▶ PROVIDED DATA
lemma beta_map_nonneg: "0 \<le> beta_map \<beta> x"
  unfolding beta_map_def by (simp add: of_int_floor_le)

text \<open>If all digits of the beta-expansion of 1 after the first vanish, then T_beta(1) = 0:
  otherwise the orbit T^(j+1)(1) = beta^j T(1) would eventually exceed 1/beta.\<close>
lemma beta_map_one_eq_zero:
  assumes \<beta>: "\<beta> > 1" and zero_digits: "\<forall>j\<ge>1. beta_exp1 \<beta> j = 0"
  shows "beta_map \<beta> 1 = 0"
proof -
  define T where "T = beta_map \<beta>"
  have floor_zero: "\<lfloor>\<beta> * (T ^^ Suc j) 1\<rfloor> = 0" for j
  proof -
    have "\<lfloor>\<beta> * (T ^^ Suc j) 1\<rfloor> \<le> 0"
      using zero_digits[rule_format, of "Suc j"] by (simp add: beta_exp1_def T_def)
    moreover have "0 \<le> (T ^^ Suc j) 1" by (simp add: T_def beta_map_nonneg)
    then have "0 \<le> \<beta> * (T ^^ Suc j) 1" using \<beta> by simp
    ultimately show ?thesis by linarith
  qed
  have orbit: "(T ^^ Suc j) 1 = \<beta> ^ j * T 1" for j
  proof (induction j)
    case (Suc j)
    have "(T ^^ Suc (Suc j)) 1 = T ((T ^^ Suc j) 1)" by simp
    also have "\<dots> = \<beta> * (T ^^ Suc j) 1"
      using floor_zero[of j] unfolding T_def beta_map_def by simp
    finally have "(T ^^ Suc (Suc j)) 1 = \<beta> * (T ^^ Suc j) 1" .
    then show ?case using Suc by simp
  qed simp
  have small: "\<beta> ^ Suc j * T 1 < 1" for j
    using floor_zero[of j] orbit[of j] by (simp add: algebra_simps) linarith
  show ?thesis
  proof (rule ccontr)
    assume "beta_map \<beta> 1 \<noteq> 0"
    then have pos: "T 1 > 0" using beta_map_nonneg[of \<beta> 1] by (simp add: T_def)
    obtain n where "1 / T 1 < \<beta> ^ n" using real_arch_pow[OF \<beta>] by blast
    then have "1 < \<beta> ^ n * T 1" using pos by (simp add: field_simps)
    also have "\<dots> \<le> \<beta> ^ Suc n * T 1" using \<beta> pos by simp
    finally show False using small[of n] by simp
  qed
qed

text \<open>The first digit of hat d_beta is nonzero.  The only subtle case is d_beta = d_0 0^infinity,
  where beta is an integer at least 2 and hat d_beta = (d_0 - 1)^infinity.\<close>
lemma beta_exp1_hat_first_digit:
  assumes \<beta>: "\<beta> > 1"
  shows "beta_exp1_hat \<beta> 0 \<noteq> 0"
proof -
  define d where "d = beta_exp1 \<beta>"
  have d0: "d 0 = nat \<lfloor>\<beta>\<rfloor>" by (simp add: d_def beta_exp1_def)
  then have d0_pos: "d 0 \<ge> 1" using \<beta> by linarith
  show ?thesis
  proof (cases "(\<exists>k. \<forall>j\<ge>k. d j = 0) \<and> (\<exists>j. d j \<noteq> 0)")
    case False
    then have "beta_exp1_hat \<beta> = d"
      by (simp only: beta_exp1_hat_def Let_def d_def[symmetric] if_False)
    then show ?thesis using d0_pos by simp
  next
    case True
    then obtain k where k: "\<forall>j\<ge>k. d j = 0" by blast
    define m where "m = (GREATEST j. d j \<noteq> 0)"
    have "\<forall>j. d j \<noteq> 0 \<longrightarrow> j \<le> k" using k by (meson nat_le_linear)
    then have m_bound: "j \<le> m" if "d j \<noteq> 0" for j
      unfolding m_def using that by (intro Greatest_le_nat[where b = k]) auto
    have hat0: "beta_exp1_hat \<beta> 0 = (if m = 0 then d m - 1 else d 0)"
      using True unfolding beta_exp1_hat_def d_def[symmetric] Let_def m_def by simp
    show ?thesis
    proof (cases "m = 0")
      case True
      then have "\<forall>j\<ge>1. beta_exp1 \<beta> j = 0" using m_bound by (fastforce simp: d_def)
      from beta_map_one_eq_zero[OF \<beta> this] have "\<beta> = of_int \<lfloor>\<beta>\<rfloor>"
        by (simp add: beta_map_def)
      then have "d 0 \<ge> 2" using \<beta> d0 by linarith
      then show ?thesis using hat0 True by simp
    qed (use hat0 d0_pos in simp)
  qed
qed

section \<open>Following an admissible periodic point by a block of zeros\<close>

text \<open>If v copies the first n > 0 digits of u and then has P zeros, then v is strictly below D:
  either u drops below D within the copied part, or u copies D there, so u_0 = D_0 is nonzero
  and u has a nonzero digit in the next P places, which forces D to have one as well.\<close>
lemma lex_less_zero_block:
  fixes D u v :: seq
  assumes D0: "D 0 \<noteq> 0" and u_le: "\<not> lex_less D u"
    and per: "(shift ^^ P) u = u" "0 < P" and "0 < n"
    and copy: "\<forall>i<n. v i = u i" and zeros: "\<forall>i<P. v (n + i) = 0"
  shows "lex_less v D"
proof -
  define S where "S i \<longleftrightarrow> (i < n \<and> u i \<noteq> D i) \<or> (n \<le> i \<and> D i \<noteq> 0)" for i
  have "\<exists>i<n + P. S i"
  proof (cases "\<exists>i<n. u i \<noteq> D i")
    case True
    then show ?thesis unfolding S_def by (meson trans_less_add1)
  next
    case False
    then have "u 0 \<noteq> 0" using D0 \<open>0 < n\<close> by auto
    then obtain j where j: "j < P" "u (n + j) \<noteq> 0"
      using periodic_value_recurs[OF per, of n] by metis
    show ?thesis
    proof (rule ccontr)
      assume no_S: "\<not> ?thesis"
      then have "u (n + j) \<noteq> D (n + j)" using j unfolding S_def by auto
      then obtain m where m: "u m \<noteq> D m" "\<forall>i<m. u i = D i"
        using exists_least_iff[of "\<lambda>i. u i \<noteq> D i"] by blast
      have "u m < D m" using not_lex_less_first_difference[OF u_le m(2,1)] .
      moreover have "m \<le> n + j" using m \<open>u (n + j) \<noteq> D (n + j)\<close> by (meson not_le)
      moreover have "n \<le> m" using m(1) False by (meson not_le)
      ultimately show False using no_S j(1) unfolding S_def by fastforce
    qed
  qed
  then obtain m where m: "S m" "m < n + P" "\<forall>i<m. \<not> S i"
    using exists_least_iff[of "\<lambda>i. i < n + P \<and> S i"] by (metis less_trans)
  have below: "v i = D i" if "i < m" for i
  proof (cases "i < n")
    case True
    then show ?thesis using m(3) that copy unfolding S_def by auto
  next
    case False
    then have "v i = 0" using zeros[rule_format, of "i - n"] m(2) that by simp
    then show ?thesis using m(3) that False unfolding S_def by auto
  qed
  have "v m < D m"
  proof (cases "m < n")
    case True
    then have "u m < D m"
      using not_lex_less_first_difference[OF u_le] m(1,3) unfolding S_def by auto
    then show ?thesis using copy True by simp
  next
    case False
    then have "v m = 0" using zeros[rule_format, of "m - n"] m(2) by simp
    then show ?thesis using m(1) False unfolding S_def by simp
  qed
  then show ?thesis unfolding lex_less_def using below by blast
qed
...
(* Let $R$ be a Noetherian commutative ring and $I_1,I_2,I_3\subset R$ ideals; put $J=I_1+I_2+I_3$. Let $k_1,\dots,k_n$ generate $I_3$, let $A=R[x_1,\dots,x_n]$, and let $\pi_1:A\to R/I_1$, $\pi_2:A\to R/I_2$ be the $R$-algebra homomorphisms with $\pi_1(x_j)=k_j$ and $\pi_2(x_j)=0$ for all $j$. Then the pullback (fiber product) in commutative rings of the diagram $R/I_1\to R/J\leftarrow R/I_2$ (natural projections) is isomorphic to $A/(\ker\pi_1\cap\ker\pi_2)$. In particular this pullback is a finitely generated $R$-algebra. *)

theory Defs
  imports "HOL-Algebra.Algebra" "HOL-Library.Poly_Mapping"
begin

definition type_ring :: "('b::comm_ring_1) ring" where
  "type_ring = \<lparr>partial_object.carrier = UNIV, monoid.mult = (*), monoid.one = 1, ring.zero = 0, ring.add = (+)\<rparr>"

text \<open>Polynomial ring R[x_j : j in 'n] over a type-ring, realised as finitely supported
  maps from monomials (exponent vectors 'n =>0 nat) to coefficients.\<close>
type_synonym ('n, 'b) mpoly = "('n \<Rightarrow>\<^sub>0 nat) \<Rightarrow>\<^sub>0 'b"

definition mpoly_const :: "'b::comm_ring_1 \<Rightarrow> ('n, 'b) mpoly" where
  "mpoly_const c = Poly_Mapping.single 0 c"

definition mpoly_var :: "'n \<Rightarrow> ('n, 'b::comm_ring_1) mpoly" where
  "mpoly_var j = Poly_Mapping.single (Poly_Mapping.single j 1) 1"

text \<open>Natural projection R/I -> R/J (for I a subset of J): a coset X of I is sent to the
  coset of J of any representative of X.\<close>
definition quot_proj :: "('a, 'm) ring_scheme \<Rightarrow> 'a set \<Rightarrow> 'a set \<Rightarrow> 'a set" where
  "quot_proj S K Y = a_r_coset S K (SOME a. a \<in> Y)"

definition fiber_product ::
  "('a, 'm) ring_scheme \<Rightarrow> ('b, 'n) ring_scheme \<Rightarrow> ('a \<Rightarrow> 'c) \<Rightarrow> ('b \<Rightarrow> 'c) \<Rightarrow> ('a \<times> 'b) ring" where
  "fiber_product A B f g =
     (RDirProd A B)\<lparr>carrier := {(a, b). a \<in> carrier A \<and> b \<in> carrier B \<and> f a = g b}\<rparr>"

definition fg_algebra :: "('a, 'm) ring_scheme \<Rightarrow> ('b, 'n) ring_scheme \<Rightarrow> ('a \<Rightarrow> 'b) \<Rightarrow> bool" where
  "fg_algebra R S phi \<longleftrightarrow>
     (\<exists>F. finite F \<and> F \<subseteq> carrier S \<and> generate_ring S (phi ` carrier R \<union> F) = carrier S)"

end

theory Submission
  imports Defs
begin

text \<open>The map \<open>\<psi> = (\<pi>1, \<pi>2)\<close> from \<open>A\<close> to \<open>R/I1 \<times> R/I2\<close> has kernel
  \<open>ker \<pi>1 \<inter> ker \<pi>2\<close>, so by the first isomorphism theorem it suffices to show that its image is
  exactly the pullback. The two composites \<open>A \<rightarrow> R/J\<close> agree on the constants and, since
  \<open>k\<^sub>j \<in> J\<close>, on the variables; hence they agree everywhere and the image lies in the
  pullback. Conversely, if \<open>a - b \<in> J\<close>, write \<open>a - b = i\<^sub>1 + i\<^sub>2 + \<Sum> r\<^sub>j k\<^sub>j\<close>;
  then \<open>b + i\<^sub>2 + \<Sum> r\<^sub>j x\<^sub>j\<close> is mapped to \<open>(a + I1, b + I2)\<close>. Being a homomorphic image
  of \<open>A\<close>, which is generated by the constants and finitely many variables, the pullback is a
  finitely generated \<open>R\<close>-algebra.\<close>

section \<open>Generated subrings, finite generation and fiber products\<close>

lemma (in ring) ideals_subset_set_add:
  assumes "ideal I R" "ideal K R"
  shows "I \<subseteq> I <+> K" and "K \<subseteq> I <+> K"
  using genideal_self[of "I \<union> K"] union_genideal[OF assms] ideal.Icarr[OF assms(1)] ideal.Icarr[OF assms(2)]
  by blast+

▶ TASK TO COMPLETE
Reproduce verbatim the lines above, from the line with "j unfolding S_def by auto" through the line with "j)\<close> by (meson not_le)".

▶ TASK RESPONSE
      then have "u (n + j) \<noteq> D (n + j)" using j unfolding S_def by auto
      then obtain m where m: "u m \<noteq> D m" "\<forall>i<m. u i = D i"
        using exists_least_iff[of "\<lambda>i. u i \<noteq> D i"] by blast
      have "u m < D m" using not_lex_less_first_difference[OF u_le m(2,1)] .
      moreover have "m \<le> n + j" using m \<open>u (n + j) \<noteq> D (n + j)\<close> by (meson not_le)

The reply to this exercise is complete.